Vercel AI SDK — the cleanest option:

import { generateObject } from "ai";
import { openai } from "@ai-sdk/openai";
 
const { object: product } = await generateObject({
  model: openai("gpt-4o"),
  schema: ProductSchema,
  prompt: `Extract product data from: ${productDescription}`,
});

The SDK picks the best strategy per provider (JSON Schema for OpenAI, tool use for Anthropic) and handles parsing internally. I covered this in my summarizer post.

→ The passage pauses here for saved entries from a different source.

(* Under the hypotheses and notation of the mass scaling of Olovsson et al. (element matrices $\overline{M}_e=I_3\otimes\bigl(\frac{m_e}{8}I_8+\frac{\beta m_e}{56}(8I_8-\mathbf{e}\mathbf{e}^T)\bigr)$, $\beta\ge0$, $m_e>0$, assembled as $\overline{M}=\sum_eL_e^T\overline{M}_eL_e$), one has $$\kappa(\overline{M})\le p_{\max}\Bigl(1+\tfrac{8}{7}\beta\Bigr)\frac{\max_e m_e}{\min_e m_e},$$ where $p_{\max}$ is the maximum, over global degrees of freedom $i$, of the number of elements $e$ whose index set $\{i_1,\dots,i_m\}$ contains $i$.
   Context: Finite element setting: $n$ global degrees of freedom, $N$ elements, $m=24$ local degrees of freedom per element; for each element $e$, $L_e\in\mathbb{R}^{m\times n}$ satisfies $L_e^T=[\mathbf{e}_{i_1},\dots,\mathbf{e}_{i_m}]$ for distinct indices (columns of $I_n$), and every global index appears for at least one element. $\mathbf{e}\in\mathbb{R}^8$ is the all-ones vector, $\otimes$ the Kronecker product, and $\kappa(A)=\lambda_{\max}(A)/\lambda_{\min}(A)$ for symmetric positive definite $A$. *)

theory Defs
  imports "HOL-Analysis.Analysis"
begin

(* Square matrices with natural-number indices (0-based). *)
definition ident :: "nat \<Rightarrow> nat \<Rightarrow> real" where
  "ident i j = (if i = j then 1 else 0)"

definition ones :: "nat \<Rightarrow> nat \<Rightarrow> real" where
  "ones i j = 1"

definition kron :: "nat \<Rightarrow> (nat \<Rightarrow> nat \<Rightarrow> real) \<Rightarrow> (nat \<Rightarrow> nat \<Rightarrow> real) \<Rightarrow> nat \<Rightarrow> nat \<Rightarrow> real" where
  "kron p A B i j = A (i div p) (j div p) * B (i mod p) (j mod p)"

definition Mbar_elem :: "real \<Rightarrow> real \<Rightarrow> nat \<Rightarrow> nat \<Rightarrow> real" where
  "Mbar_elem \<beta> m = kron 8 ident
     (\<lambda>i j. m / 8 * ident i j + \<beta> * m / 56 * (8 * ident i j - ones i j))"

(* Boolean (gather) matrix L_e: rows = local dofs k < 24, columns = global dofs *)
definition Lmat :: "('e \<Rightarrow> nat \<Rightarrow> 'n) \<Rightarrow> 'e \<Rightarrow> nat \<Rightarrow> 'n \<Rightarrow> real" where
  "Lmat idx e k i = (if idx e k = i then 1 else 0)"

definition assemble :: "('e::finite \<Rightarrow> nat \<Rightarrow> 'n::finite) \<Rightarrow> real \<Rightarrow> ('e \<Rightarrow> real) \<Rightarrow> real^'n^'n" where
  "assemble idx \<beta> m = (\<chi> i j. \<Sum>e\<in>UNIV. \<Sum>k<24. \<Sum>l<24.
      Lmat idx e k i * Mbar_elem \<beta> (m e) k l * Lmat idx e l j)"

definition eigenvalues :: "real^'n^'n \<Rightarrow> real set" where
  "eigenvalues A = {c. \<exists>v. v \<noteq> 0 \<and> A *v v = c *\<^sub>R v}"

definition cond_num :: "real^'n^'n \<Rightarrow> real" where
  "cond_num A = Max (eigenvalues A) / Min (eigenvalues A)"

definition pmax :: "('e::finite \<Rightarrow> nat \<Rightarrow> 'n::finite) \<Rightarrow> nat" where
  "pmax idx = Max (range (\<lambda>i. card {e. i \<in> idx e ` {..<24}}))"

end

theory Submission
  imports Defs
begin

(* For a symmetric matrix every eigenvalue lies between any constants lo > 0 and hi with
   lo |x|^2 \<le> x^T A x \<le> hi |x|^2, so the condition number is at most hi / lo. The assembled
   quadratic form is the sum over elements of the element forms evaluated at the gathered local
   vectors. Each element matrix is block diagonal with three copies of
   (m/8 + \<beta> m/7) I - (\<beta> m/56) e e^T, and 0 \<le> e e^T \<le> 8 I, so the element form lies between
   m/8 and (m/8)(1 + 8\<beta>/7) times the local squared norm. Summing local squared norms over all
   elements counts every global degree of freedom at least once and at most p_max times. *)

lemma inner_matrix_vector_symmetric:
  fixes A :: "real^'n^'n"
  assumes "transpose A = A"
  shows "x \<bullet> (A *v y) = (A *v x) \<bullet> y"
  by (metis assms dot_lmul_matrix transpose_matrix_vector)

lemma linear_coeff_zero_if_quadratic_nonneg:
  fixes a c :: real
  assumes "c \<ge> 0" and "\<And>t. 0 \<le> t * a + t\<^sup>2 * c"
  shows "a = 0"
proof (rule ccontr)
  assume "a \<noteq> 0"
  define t where "t = - a / (c + 1)"
  have "t * (c + 1) = - a" using assms(1) by (simp add: t_def)
  have "(t * a + t\<^sup>2 * c) * (c + 1)\<^sup>2 = (t * (c + 1)) * a * (c + 1) + (t * (c + 1))\<^sup>2 * c"
    by (simp add: power2_eq_square algebra_simps)
  also have "\<dots> = - a\<^sup>2"
    unfolding \<open>t * (c + 1) = - a\<close> by (simp add: power2_eq_square algebra_simps)
  finally have "(t * a + t\<^sup>2 * c) * (c + 1)\<^sup>2 = - a\<^sup>2" .
  moreover have "0 \<le> (t * a + t\<^sup>2 * c) * (c + 1)\<^sup>2"
    using assms(2)[of t] by simp
  ultimately show False using \<open>a \<noteq> 0\<close> by simp
qed

(* If the Rayleigh quotient is maximal at v, moving v along its residual
   w = c v - A v cannot increase it; the first-order term of that perturbation is 2 |w|^2. *)

lemma rayleigh_maximizer_eigenvector:
  fixes A :: "real^'n^'n"
  assumes sym: "transpose A = A"
    and le: "\<And>x. x \<bullet> (A *v x) \<le> c * (x \<bullet> x)"
    and eq: "v \<bullet> (A *v v) = c * (v \<bullet> v)"
  shows "A *v v = c *\<^sub>R v"
proof -
  define w where "w = c *\<^sub>R v - A *v v"
  define g where "g x = c * (x \<bullet> x) - x \<bullet> (A *v x)" for x
  have g_nonneg: "g x \<ge> 0" for x
    using le[of x] by (simp add: g_def)
  have "g (v + t *\<^sub>R w) = t * (2 * (w \<bullet> w)) + t\<^sup>2 * g w" for t
  proof -
    have "v \<bullet> (A *v w) = w \<bullet> (A *v v)"
      using inner_matrix_vector_symmetric[OF sym, of v w] by (simp add: inner_commute)
    moreover have "w \<bullet> w = c * (v \<bullet> w) - w \<bullet> (A *v v)"
      by (metis w_def inner_diff_right inner_scaleR_right inner_commute)
    moreover have "g (v + t *\<^sub>R w) = g v + t * (c * (v \<bullet> w) - v \<bullet> (A *v w))
        + t * (c * (v \<bullet> w) - w \<bullet> (A *v v)) + t\<^sup>2 * g w"
      by (simp add: g_def matrix_vector_right_distrib matrix_vector_mult_scaleR
          inner_add_left inner_add_right inner_commute algebra_simps power2_eq_square)
    ultimately show ?thesis
      using eq by (simp add: g_def)
  qed
  then have "2 * (w \<bullet> w) = 0"
    using linear_coeff_zero_if_quadratic_nonneg g_nonneg by metis
  then show ?thesis by (simp add: w_def)
qed

lemma symmetric_eigenvalues_nonempty:
  fixes A :: "real^'n^'n"
  assumes sym: "transpose A = A"
  shows "eigenvalues A \<noteq> {}"
proof -
  let ?q = "\<lambda>x::real^'n. x \<bullet> (A *v x)"
  have "axis undefined 1 \<in> sphere (0::real^'n) 1" by simp
  then have "sphere (0::real^'n) 1 \<noteq> {}" by blast
  moreover have "continuous_on (sphere 0 1) ?q"
    by (intro continuous_intros matrix_vector_mult_linear_continuous_on)
  ultimately obtain v where v: "v \<in> sphere 0 1" and v_max: "\<And>y. y \<in> sphere 0 1 \<Longrightarrow> ?q y \<le> ?q v"
    using continuous_attains_sup[OF compact_sphere] by blast
  have "v \<bullet> v = 1" using v by (simp add: dot_square_norm)
  have "?q x \<le> ?q v * (x \<bullet> x)" for x
  proof (cases "x = 0")
    case False
    define u where "u = (1 / norm x) *\<^sub>R x"
    have "x = norm x *\<^sub>R u" and "u \<in> sphere 0 1" using False by (simp_all add: u_def)
    then have "?q x = (norm x)\<^sup>2 * ?q u"
      by (metis inner_scaleR_left inner_scaleR_right matrix_vector_mult_scaleR power2_eq_square
          mult.assoc)
    also have "\<dots> \<le> (norm x)\<^sup>2 * ?q v"
      using v_max[OF \<open>u \<in> sphere 0 1\<close>] by (rule mult_left_mono) simp
    finally show ?thesis by (simp add: power2_norm_eq_inner mult.commute)
  qed simp
  then have "A *v v = ?q v *\<^sub>R v"
    by (rule rayleigh_maximizer_eigenvector[OF sym]) (simp add: \<open>v \<bullet> v = 1\<close>)
  moreover have "v \<noteq> 0" using v by auto
  ultimately show ?thesis unfolding eigenvalues_def by blast
qed

(* Eigenvectors for distinct eigenvalues are orthogonal, so choosing one per eigenvalue
   gives an independent family. *)

lemma symmetric_eigenvalues_finite:
  fixes A :: "real^'n^'n"
  assumes sym: "transpose A = A"
  shows "finite (eigenvalues A)"
proof -
  define f where "f c = (SOME v. v \<noteq> 0 \<and> A *v v = c *\<^sub>R v)" for c
  have f: "f c \<noteq> 0 \<and> A *v f c = c *\<^sub>R f c" if "c \<in> eigenvalues A" for c
    unfolding f_def by (rule someI_ex) (use that in \<open>simp add: eigenvalues_def\<close>)
  have orth: "f c \<bullet> f d = 0" if "c \<in> eigenvalues A" "d \<in> eigenvalues A" "c \<noteq> d" for c d
  proof -
    have "c * (f c \<bullet> f d) = (A *v f c) \<bullet> f d" using f[OF that(1)] by simp
    also have "\<dots> = f c \<bullet> (A *v f d)" using inner_matrix_vector_symmetric[OF sym] by simp
    also have "\<dots> = d * (f c \<bullet> f d)" using f[OF that(2)] by simp
    finally show ?thesis using that(3) by simp
  qed
  have "inj_on f (eigenvalues A)"
  proof (rule inj_onI, rule ccontr)
    fix c d assume "c \<in> eigenvalues A" "d \<in> eigenvalues A" "f c = f d" "c \<noteq> d"
    then show False using f orth by fastforce
  qed
  moreover have "independent (f ` eigenvalues A)"
    using f orth by (intro pairwise_orthogonal_independent) (auto simp: pairwise_def orthogonal_def)
  then have "finite (f ` eigenvalues A)" using independent_bound by blast
  ultimately show ?thesis using finite_imageD by blast
qed
definition g :: "real \<times> real \<Rightarrow> real^3" where
  "g p = hf p - f p"

definition defect :: "real \<times> real \<Rightarrow> real" where
  "defect p = 1 - 2 * t * inner (g p) (n p)"

lemma has_derivative_f: "p \<in> U \<Longrightarrow> (f has_derivative df p) (at p)"
  using immersion_f open_U by (auto simp: immersion_on_def intro: has_derivative_partials)

lemma has_derivative_hf: "p \<in> U \<Longrightarrow> (hf has_derivative dhf p) (at p)"
  using immersion_hf open_U by (auto simp: immersion_on_def intro: has_derivative_partials)

lemma has_derivative_n:
  assumes "p \<in> U"
  shows "(n has_derivative dn p) (at p)"
proof -
  obtain D where "(gauss_map f has_derivative D) (at p)"
    using gauss_map_differentiable[OF immersion_f open_U assms] by (auto simp: differentiable_def)
  then have "(n has_derivative D) (at p)"
    using open_U assms by (rule has_derivative_transform_within_open) (simp add: normal_f)
  then show ?thesis
    using frechet_derivative_at by blast
qed

lemma has_derivative_g: "p \<in> U \<Longrightarrow> (g has_derivative (\<lambda>w. dhf p w - df p w)) (at p)"
  unfolding g_def[abs_def] by (intro has_derivative_diff has_derivative_hf has_derivative_f)

lemma n_unit: "p \<in> U \<Longrightarrow> inner (n p) (n p) = 1"
  using immersion_f by (simp add: normal_f immersion_on_def norm_gauss_map flip: power2_norm_eq_inner)

lemma f_tangent_orthogonal:
  "p \<in> U \<Longrightarrow> inner (pu f p) (n p) = 0" "p \<in> U \<Longrightarrow> inner (pv f p) (n p) = 0"
  by (simp_all add: normal_f inner_gauss_map)

lemma dn_orthogonal:
  assumes "p \<in> U"
  shows "inner (dn p w) (n p) = 0"
  using inner_derivative_if_inner_constant[OF open_U assms n_unit
      has_derivative_n[OF assms] has_derivative_n[OF assms]]
  by (simp add: inner_commute)

lemma df_orthogonal:
  assumes "p \<in> U"
  shows "inner (df p w) (n p) = 0"
proof -
  have "linear (df p)"
    using has_derivative_f[OF assms] by (rule has_derivative_linear)
  then show ?thesis
    using linear_pair_expand[of "df p" w] f_tangent_orthogonal[OF assms]
    by (simp add: pu_def pv_def inner_add_left)
qed

lemma dhf_eq:
  assumes "p \<in> U"
  shows "dhf p w = (t * inner (g p) (g p)) *\<^sub>R reflect (g p) (dn p w)"
proof -
  have "Imq (dhf p w) = t *\<^sub>R qmult (qmult (Imq (g p)) (Imq (dn p w))) (Imq (g p))"
    using darboux assms unfolding darboux_transform_def g_def by blast
  then have "dhf p w = t *\<^sub>R snd (qmult (qmult (Imq (g p)) (Imq (dn p w))) (Imq (g p)))"
    by (metis Imq_def snd_conv snd_scaleR)
  then show ?thesis
    by (simp add: snd_qmult_Imq_sandwich)
qed

lemma g_nonzero:
  assumes "p \<in> U"
  shows "g p \<noteq> 0"
proof
  assume "g p = 0"
  then have "pu hf p = 0"
    using dhf_eq[OF assms] by (simp add: pu_def)
  then show False
    using immersion_hf assms by (auto simp: immersion_on_def)
qed

lemma hf_tangent_orthogonal:
  assumes "p \<in> U"
  shows "inner (dhf p w) (reflect (g p) (n p)) = 0"
  using dhf_eq[OF assms] inner_reflect_reflect[OF g_nonzero[OF assms]] dn_orthogonal[OF assms]
  by simp

lemma has_derivative_reflected_normal:
  assumes "p \<in> U"
  shows "((\<lambda>q. reflect (g q) (n q)) has_derivative
           (\<lambda>w. reflect_derivative (g p) (n p) (dhf p w - df p w) (dn p w))) (at p)"
  using has_derivative_g[OF assms] has_derivative_n[OF assms] g_nonzero[OF assms]
  by (rule has_derivative_reflect)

Approach	Success Rate	Latency Overhead
Raw `JSON.parse`	~80-85%	None
`extractJSON` + Zod	~95-98%	Negligible
OpenAI JSON Schema mode	~99.9%	~100ms first call
Anthropic tool use	~99.5%	Minimal
Vercel AI SDK `generateObject`	~99.5-99.9%	Minimal

Recovery Strategies

Even native structured output fails — network timeouts, rate limits, model refusals. Build defense in depth.

Retry with error feedback (already shown above in generateStructuredData). Feed the exact Zod error back to the model.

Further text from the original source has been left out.